◆ **YOUR ASSIGNMENT**: When the line containing "imports Defs" is found in the data below, copy it and each line after it through the line containing "a b \<longleftrightarrow>", exactly and with no others.

───── RECORDED INFORMATION

(* For all integers $n\ge1$, $$\mathcal A\cap\gamma_{n+1}(\mathcal R)=\mathcal A_{2n-1}.$$
   Context: $\mathcal R=\mathcal R(\mathbb F_2)$ is the Riordan group of pairs $(g,f)$ of formal power series over $\mathbb F_2$ with $g=1+\cdots$, $f=t+\cdots$, product $(g_1,f_1)(g_2,f_2)=(g_1\cdot(g_2\circ f_1),\,f_2\circ f_1)$; it is a pro-2 group (inverse limit of its finite truncations) with the corresponding $t$-adic topology. $\mathcal A=\{(g,t)\}$ is the Appell subgroup and $\mathcal A_m=\{(g,t):g\equiv1\pmod{t^{m+1}}\}$. The lower central series is $\gamma_1(\mathcal R)=\mathcal R$, $\gamma_i(\mathcal R)=[\gamma_{i-1}(\mathcal R),\mathcal R]$, where $[X,Y]$ is the smallest closed subgroup containing all commutators $x^{-1}y^{-1}xy$, $x\in X$, $y\in Y$. *)

theory Defs
  imports "HOL-Library.Z2" "HOL-Computational_Algebra.Formal_Power_Series" "HOL-Algebra.Group"
begin

type_synonym rio = "bit fps \<times> bit fps"

definition riordan :: "rio monoid" where
  "riordan = \<lparr> carrier = {(g, f). fps_nth g 0 = 1 \<and> fps_nth f 0 = 0 \<and> fps_nth f 1 = 1},
               mult = (\<lambda>(g1, f1) (g2, f2). (g1 * (g2 oo f1), f2 oo f1)),
               one = (1, fps_X) \<rparr>"

definition agree_upto :: "nat \<Rightarrow> rio \<Rightarrow> rio \<Rightarrow> bool" where
  "agree_upto N x y \<longleftrightarrow> (\<forall>k<N. fps_nth (fst x) k = fps_nth (fst y) k \<and> fps_nth (snd x) k = fps_nth (snd y) k)"

text \<open>Closed subsets of R in the t-adic (inverse-limit) topology.\<close>
definition rclosed :: "rio set \<Rightarrow> bool" where
  "rclosed S \<longleftrightarrow> S \<subseteq> carrier riordan \<and>
     (\<forall>x\<in>carrier riordan. (\<forall>N. \<exists>s\<in>S. agree_upto N s x) \<longrightarrow> x \<in> S)"

definition commutator_set :: "rio set \<Rightarrow> rio set \<Rightarrow> rio set" where
  "commutator_set X Y = {inv\<^bsub>riordan\<^esub> x \<otimes>\<^bsub>riordan\<^esub> inv\<^bsub>riordan\<^esub> y \<otimes>\<^bsub>riordan\<^esub> x \<otimes>\<^bsub>riordan\<^esub> y | x y. x \<in> X \<and> y \<in> Y}"

definition closed_comm :: "rio set \<Rightarrow> rio set \<Rightarrow> rio set" where
  "closed_comm X Y = \<Inter>{H. subgroup H riordan \<and> rclosed H \<and> commutator_set X Y \<subseteq> H}"

text \<open>Lower central series: lcs i = gamma_i for i \<ge> 1 (lcs 0 is set to R as a dummy).\<close>
fun lcs :: "nat \<Rightarrow> rio set" where
  "lcs 0 = carrier riordan"
| "lcs (Suc 0) = carrier riordan"
| "lcs (Suc (Suc i)) = closed_comm (lcs (Suc i)) (carrier riordan)"

definition appell :: "rio set" where
  "appell = {(g, fps_X) | g. fps_nth g 0 = 1}"

definition appell_m :: "nat \<Rightarrow> rio set" where
  "appell_m m = {(g, fps_X) | g. fps_nth g 0 = 1 \<and> (\<forall>k. 1 \<le> k \<and> k \<le> m \<longrightarrow> fps_nth g k = 0)}"

end

theory Submission
  imports Defs
begin

(* Over F_2 squaring is additive, so phi = t + O(t^M) gives phi^2 = t^2 + O(t^(2M)); hence
   substituting phi into a series of even order 2k changes it only by O(t^(2k+M)), one order
   better than in general.  Consequently, if g = 1 mod t^(2n) and f = t mod t^(2n+2), then (g, f)
   commutes with every element of R modulo the next such congruence.  These congruences therefore
   define closed subgroups containing the successive terms gamma_(n+1), and their Appell parts
   are the A_(2n-1).
   Conversely, the commutator of (1 + t^(2n+1), t), which lies in gamma_(n+1) by induction, with
   (1, t + t^(N-2n))^(-1) is an Appell element (c, t) with c = 1 + t^N mod t^(N+1), for every
   N > 2n+1.  Products of these approximate every element of A_(2n+1) t-adically, so A_(2n+1)
   lies in every closed subgroup containing [gamma_(n+1), R]. *)

unbundle fps_syntax

section \<open>Congruences of power series modulo powers of t\<close>

definition fps_cong :: "nat \<Rightarrow> 'a::zero fps \<Rightarrow> 'a fps \<Rightarrow> bool" where
  "fps_cong M a b \<longleftrightarrow> (\<forall>i<M. a $ i = b $ i)"

lemma fps_cong_refl [simp]: "fps_cong M a a"
  by (simp add: fps_cong_def)

lemma fps_cong_sym: "fps_cong M a b \<Longrightarrow> fps_cong M b a"
  by (simp add: fps_cong_def)

lemma fps_cong_trans [trans]: "fps_cong M a b \<Longrightarrow> fps_cong M b c \<Longrightarrow> fps_cong M a c"
  by (simp add: fps_cong_def)

lemma fps_cong_mono: "fps_cong M a b \<Longrightarrow> K \<le> M \<Longrightarrow> fps_cong K a b"
  by (simp add: fps_cong_def)

lemma fps_cong_add: "fps_cong M a b \<Longrightarrow> fps_cong M c d \<Longrightarrow> fps_cong M (a + c) (b + d)"
  by (simp add: fps_cong_def)

lemma fps_cong_diff_0_iff: "fps_cong M (a - b) (0 :: 'a::ab_group_add fps) \<longleftrightarrow> fps_cong M a b"
  by (simp add: fps_cong_def)

lemma fps_cong_mult:
  "fps_cong M a b \<Longrightarrow> fps_cong M c d \<Longrightarrow> fps_cong M (a * c) (b * d :: 'a::semiring_0 fps)"
  unfolding fps_cong_def fps_mult_nth by (auto intro!: sum.cong)

lemma fps_cong_power: "fps_cong M a b \<Longrightarrow> fps_cong M (a ^ k) (b ^ k :: 'a::semiring_1 fps)"
  by (induction k) (auto intro: fps_cong_mult)

lemma fps_cong_compose:
  assumes "fps_cong M a b" and "fps_cong M c (d :: 'a::semiring_1 fps)"
  shows "fps_cong M (a oo c) (b oo d)"
  using assms fps_cong_power[OF assms(2)] by (auto simp: fps_cong_def fps_compose_nth)

lemma fps_cong_X_power_mult:
  "fps_cong K a b \<Longrightarrow> fps_cong (M + K) (fps_X ^ M * a) (fps_X ^ M * (b :: 'a::comm_ring_1 fps))"
  by (simp add: fps_cong_def fps_X_power_mult_nth)

lemma fps_cong_X_power_mult_0: "fps_cong M (fps_X ^ M * a) (0 :: 'a::comm_ring_1 fps)"
  by (simp add: fps_cong_def fps_X_power_mult_nth)

lemma fps_cong_0_imp_eq_X_power_mult:
  "fps_cong M a 0 \<Longrightarrow> a = fps_X ^ M * fps_shift M (a :: 'a::comm_ring_1 fps)"
  by (rule fps_ext) (simp add: fps_cong_def fps_X_power_mult_nth)
(* Let $k$ be an algebraically closed field, $K$ a finitely generated field extension of $k$ with $\operatorname{tr.deg}_k K = n$, and $R \subseteq K$ a discrete valuation ring containing $k$, induced by a valuation $\nu$ on $K$, with maximal ideal $m_R$ and $\operatorname{tr.deg}_k R/m_R = n-1$. Let $K' \subseteq K$ be a subfield containing $k$, finitely generated over $k$, with $\operatorname{tr.deg}_k K' = m \leq n$. If $K' \cap m_R \neq \{0\}$, then $$\operatorname{tr.deg}_k (K' \cap R)/(K' \cap m_R) = m - 1.$$ *)

theory Defs
  imports "HOL-Computational_Algebra.Polynomial"
begin

text \<open>Subfields of an ambient field (the ambient type plays the role of K).\<close>
definition is_subfield :: "'a::field set \<Rightarrow> bool" where
  "is_subfield F \<longleftrightarrow> 0 \<in> F \<and> 1 \<in> F \<and>
     (\<forall>x\<in>F. \<forall>y\<in>F. x + y \<in> F \<and> x * y \<in> F) \<and>
     (\<forall>x\<in>F. - x \<in> F) \<and> (\<forall>x\<in>F. x \<noteq> 0 \<longrightarrow> inverse x \<in> F)"

definition field_gen :: "'a::field set \<Rightarrow> 'a set \<Rightarrow> 'a set" where
  "field_gen k S = \<Inter>{F. is_subfield F \<and> k \<union> S \<subseteq> F}"

definition fin_gen_over :: "'a::field set \<Rightarrow> 'a set \<Rightarrow> bool" where
  "fin_gen_over k L \<longleftrightarrow> (\<exists>S. finite S \<and> L = field_gen k S)"
lemma linkage_Cons_source:
  assumes L: "linkage V E k (x(i := w)) y P" and i: "i \<in> {1..k}"
    and rep: "x i \<in> x ` ({1..k} - {i}) \<union> y ` {1..k}"
    and w: "w \<notin> x ` {1..k} \<union> y ` {1..k}" and "x i \<in> V" "E (x i) w"
  shows "linkage V E k x y (P(i := x i # P i))"
proof -
  define Q where "Q = P(i := x i # P i)"
  note old_paths = linkage_fun_upd_source_paths[OF L i rep w]
  have old_disj: "(set (P a) - {(x(i := w)) a, y a}) \<inter> set (P b) = {}" "P a \<noteq> P b"
    if "a \<in> {1..k}" "b \<in> {1..k}" "a \<noteq> b" for a b
    using L that unfolding linkage_def by blast+
  have w_notin: "w \<notin> set (P l)" and xi_notin: "x i \<notin> set (P l) - {x l, y l}"
    if "l \<in> {1..k}" "l \<noteq> i" for l
  proof -
    have "w \<noteq> x l" "w \<noteq> y l" "x i \<in> x ` {1..k} \<union> y ` {1..k}"
      using w i that by auto
    then show "w \<notin> set (P l)" "x i \<notin> set (P l) - {x l, y l}"
      using old_paths[OF that(1)] that(2) by auto
  qed
  have disj: "(set (Q a) - {x a, y a}) \<inter> set (Q b) = {}"
    if "a \<in> {1..k}" "b \<in> {1..k}" "a \<noteq> b" for a b
    using old_disj[OF that] w_notin[OF that(2)] xi_notin[OF that(1)] that
    by (cases "a = i"; cases "b = i") (auto simp: Q_def)
  have "w \<in> set (Q i)"
    using old_paths[OF i] by (auto simp: Q_def dpath_def)
  have neq: "Q a \<noteq> Q b" if "a \<in> {1..k}" "b \<in> {1..k}" "a \<noteq> b" for a b
  proof
    assume eq: "Q a = Q b"
    then have "set (Q a) \<subseteq> {x a, y a}" "set (Q b) \<subseteq> {x b, y b}"
      using disj[OF that] disj[OF that(2,1)] that(3) by auto
    moreover have "w \<notin> {x a, y a}" "w \<notin> {x b, y b}"
      using w that by auto
    ultimately have "a \<noteq> i" "b \<noteq> i"
      using \<open>w \<in> set (Q i)\<close> eq by auto
    then show False
      using old_disj[OF that] eq by (simp add: Q_def)
  qed
  show ?thesis
    using linkage_Cons_source_path[OF assms] disj neq unfolding Q_def[symmetric]
    by (simp add: linkage_def)
qed

lemma linkage_reduce_source:
  assumes kl: "k_linked V E k" and V: "\<forall>j\<in>{1..k}. x j \<in> V \<and> y j \<in> V"
    and i: "i \<in> {1..k}" and rep: "x i \<in> x ` ({1..k} - {i}) \<union> y ` {1..k}"
  obtains w where "\<forall>j\<in>{1..k}. (x(i := w)) j \<in> V \<and> y j \<in> V"
    "2 * k - card ((x(i := w)) ` {1..k} \<union> y ` {1..k}) < 2 * k - card (x ` {1..k} \<union> y ` {1..k})"
    "\<And>P. linkage V E k (x(i := w)) y P \<Longrightarrow> linkage V E k x y (P(i := x i # P i))"
proof -
  let ?S = "x ` {1..k} \<union> y ` {1..k}"
  have "card ?S < 2 * k"
    using i rep by (rule card_terminals_less)
  moreover have "?S \<subseteq> V" "x i \<in> ?S"
    using V i by auto
  ultimately obtain w where w: "w \<in> V - ?S" "E (x i) w"
    using k_linked_out_neighbour[OF kl] by metis
  have "(x(i := w)) ` {1..k} \<union> y ` {1..k} = insert w ?S"
    using i rep by (rule image_fun_upd_terminals)
  then have "2 * k - card ((x(i := w)) ` {1..k} \<union> y ` {1..k}) < 2 * k - card ?S"
    using w(1) \<open>card ?S < 2 * k\<close> by simp
  moreover have "\<forall>j\<in>{1..k}. (x(i := w)) j \<in> V \<and> y j \<in> V"
    using V w(1) by simp
  moreover have "linkage V E k x y (P(i := x i # P i))"
    if "linkage V E k (x(i := w)) y P" for P
    using that i rep w V by (intro linkage_Cons_source) auto
  ultimately show thesis
    using that by blast
qed

lemma linkage_if_k_linked:
  assumes "k_linked V E k" "\<forall>i\<in>{1..k}. x i \<in> V \<and> y i \<in> V"
  shows "\<exists>P. linkage V E k x y P"
  using assms
proof (induction "2 * k - card (x ` {1..k} \<union> y ` {1..k})" arbitrary: E x y rule: less_induct)
  case less
  have source: "\<exists>P. linkage V E' k x' y' P"
    if kl: "k_linked V E' k" and V: "\<forall>j\<in>{1..k}. x' j \<in> V \<and> y' j \<in> V"
      and S: "x' ` {1..k} \<union> y' ` {1..k} = x ` {1..k} \<union> y ` {1..k}"
      and i: "i \<in> {1..k}" and rep: "x' i \<in> x' ` ({1..k} - {i}) \<union> y' ` {1..k}"
    for E' x' y' i
  proof -
    obtain w where V': "\<forall>j\<in>{1..k}. (x'(i := w)) j \<in> V \<and> y' j \<in> V"
      and decrease: "2 * k - card ((x'(i := w)) ` {1..k} \<union> y' ` {1..k})
        < 2 * k - card (x ` {1..k} \<union> y ` {1..k})"
      and extend: "\<And>P. linkage V E' k (x'(i := w)) y' P \<Longrightarrow> linkage V E' k x' y' (P(i := x' i # P i))"
      using linkage_reduce_source[OF kl V i rep] unfolding S by metis
    obtain P where "linkage V E' k (x'(i := w)) y' P"
      using less.hyps[OF decrease kl V'] by metis
    then show ?thesis
      using extend by metis
  qed
  consider (source_repeated) i where "i \<in> {1..k}" "x i \<in> x ` ({1..k} - {i}) \<union> y ` {1..k}"
    | (target_repeated) i where "i \<in> {1..k}" "y i \<in> y ` ({1..k} - {i}) \<union> x ` {1..k}"
    | (distinct) "inj_on x {1..k}" "inj_on y {1..k}" "x ` {1..k} \<inter> y ` {1..k} = {}"
  proof (cases "\<exists>i\<in>{1..k}. x i \<in> x ` ({1..k} - {i}) \<union> y ` {1..k}
      \<or> y i \<in> y ` ({1..k} - {i}) \<union> x ` {1..k}")
    case True
    then show ?thesis
      using that(1,2) by metis
  next
    case False
    then show ?thesis
      by (intro that(3)) (auto intro!: inj_on_if_notin_image_Diff)
  qed
  then show ?case
  proof cases
    case source_repeated
    then show ?thesis
      using source[OF less.prems] by blast
  next
    case target_repeated
    then obtain P where "linkage V E\<inverse>\<inverse> k y x P"
      using source[OF k_linked_conversep[OF less.prems(1)], of y x] less.prems(2) by (auto simp: Un_commute)
    then show ?thesis
      using linkage_conversep by fastforce
  next
    case distinct
    then show ?thesis
      using k_linkedD[OF less.prems] linkage_if_disjoint_paths by metis
  qed
qed

lemma k_linked_iff_linkage:
  "k_linked V E k \<longleftrightarrow> 2 * k \<le> card V
     \<and> (\<forall>x y. (\<forall>i\<in>{1..k}. x i \<in> V \<and> y i \<in> V) \<longrightarrow> (\<exists>P. linkage V E k x y P))"
proof
  assume "k_linked V E k"
  then show "2 * k \<le> card V
     \<and> (\<forall>x y. (\<forall>i\<in>{1..k}. x i \<in> V \<and> y i \<in> V) \<longrightarrow> (\<exists>P. linkage V E k x y P))"
    using linkage_if_k_linked[of V E k] by (simp add: k_linked_def)
next
  assume R: "2 * k \<le> card V
     \<and> (\<forall>x y. (\<forall>i\<in>{1..k}. x i \<in> V \<and> y i \<in> V) \<longrightarrow> (\<exists>P. linkage V E k x y P))"
  show "k_linked V E k"
    unfolding k_linked_def
  proof (intro conjI allI impI)
    show "2 * k \<le> card V"
      using R by simp
  next
    fix x y :: "nat \<Rightarrow> 'a"
    assume xy: "(\<forall>i\<in>{1..k}. x i \<in> V \<and> y i \<in> V) \<and> inj_on x {1..k} \<and> inj_on y {1..k}
      \<and> x ` {1..k} \<inter> y ` {1..k} = {}"
    then obtain P where P: "linkage V E k x y P"
      using R by blast
    have "\<forall>i\<in>{1..k}. dpath V E (P i) \<and> hd (P i) = x i \<and> last (P i) = y i"
      using P unfolding linkage_def by blast
    moreover have "\<forall>i\<in>{1..k}. \<forall>j\<in>{1..k}. i \<noteq> j \<longrightarrow> set (P i) \<inter> set (P j) = {}"
      using disjoint_paths_if_linkage[OF P] xy by blast
    ultimately show "\<exists>P. (\<forall>i\<in>{1..k}. dpath V E (P i) \<and> hd (P i) = x i \<and> last (P i) = y i)
      \<and> (\<forall>i\<in>{1..k}. \<forall>j\<in>{1..k}. i \<noteq> j \<longrightarrow> set (P i) \<inter> set (P j) = {})"
      by blast
  qed
qed

theorem proposition2p1:
  fixes V :: "'a set" and E :: "'a \<Rightarrow> 'a \<Rightarrow> bool" and k :: nat
  assumes "tournament V E"
  shows "k_linked V E k \<longleftrightarrow>
    (2 * k \<le> card V
     \<and> (\<forall>x y :: nat \<Rightarrow> 'a.
          (\<forall>i\<in>{1..k}. x i \<in> V \<and> y i \<in> V)
          \<longrightarrow> (\<exists>P :: nat \<Rightarrow> 'a list.
                (\<forall>i\<in>{1..k}. dpath V E (P i) \<and> hd (P i) = x i \<and> last (P i) = y i
                   \<and> set (P i) \<inter> (x ` {1..k} \<union> y ` {1..k}) = {x i, y i})
              \<and> (\<forall>i\<in>{1..k}. \<forall>j\<in>{1..k}. i \<noteq> j \<longrightarrow>
                   P i \<noteq> P j \<and> (set (P i) - {x i, y i}) \<inter> set (P j) = {}))))"
  using k_linked_iff_linkage[of V E k] unfolding linkage_def .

──────────

◆ **ANSWER BELOW**:
  imports Defs
begin

(* Over F_2 squaring is additive, so phi = t + O(t^M) gives phi^2 = t^2 + O(t^(2M)); hence
   substituting phi into a series of even order 2k changes it only by O(t^(2k+M)), one order
   better than in general.  Consequently, if g = 1 mod t^(2n) and f = t mod t^(2n+2), then (g, f)
   commutes with every element of R modulo the next such congruence.  These congruences therefore
   define closed subgroups containing the successive terms gamma_(n+1), and their Appell parts
   are the A_(2n-1).
   Conversely, the commutator of (1 + t^(2n+1), t), which lies in gamma_(n+1) by induction, with
   (1, t + t^(N-2n))^(-1) is an Appell element (c, t) with c = 1 + t^N mod t^(N+1), for every
   N > 2n+1.  Products of these approximate every element of A_(2n+1) t-adically, so A_(2n+1)
   lies in every closed subgroup containing [gamma_(n+1), R]. *)

unbundle fps_syntax

section \<open>Congruences of power series modulo powers of t\<close>

definition fps_cong :: "nat \<Rightarrow> 'a::zero fps \<Rightarrow> 'a fps \<Rightarrow> bool" where
  "fps_cong M a b \<longleftrightarrow> (\<forall>i<M. a $ i = b $ i)"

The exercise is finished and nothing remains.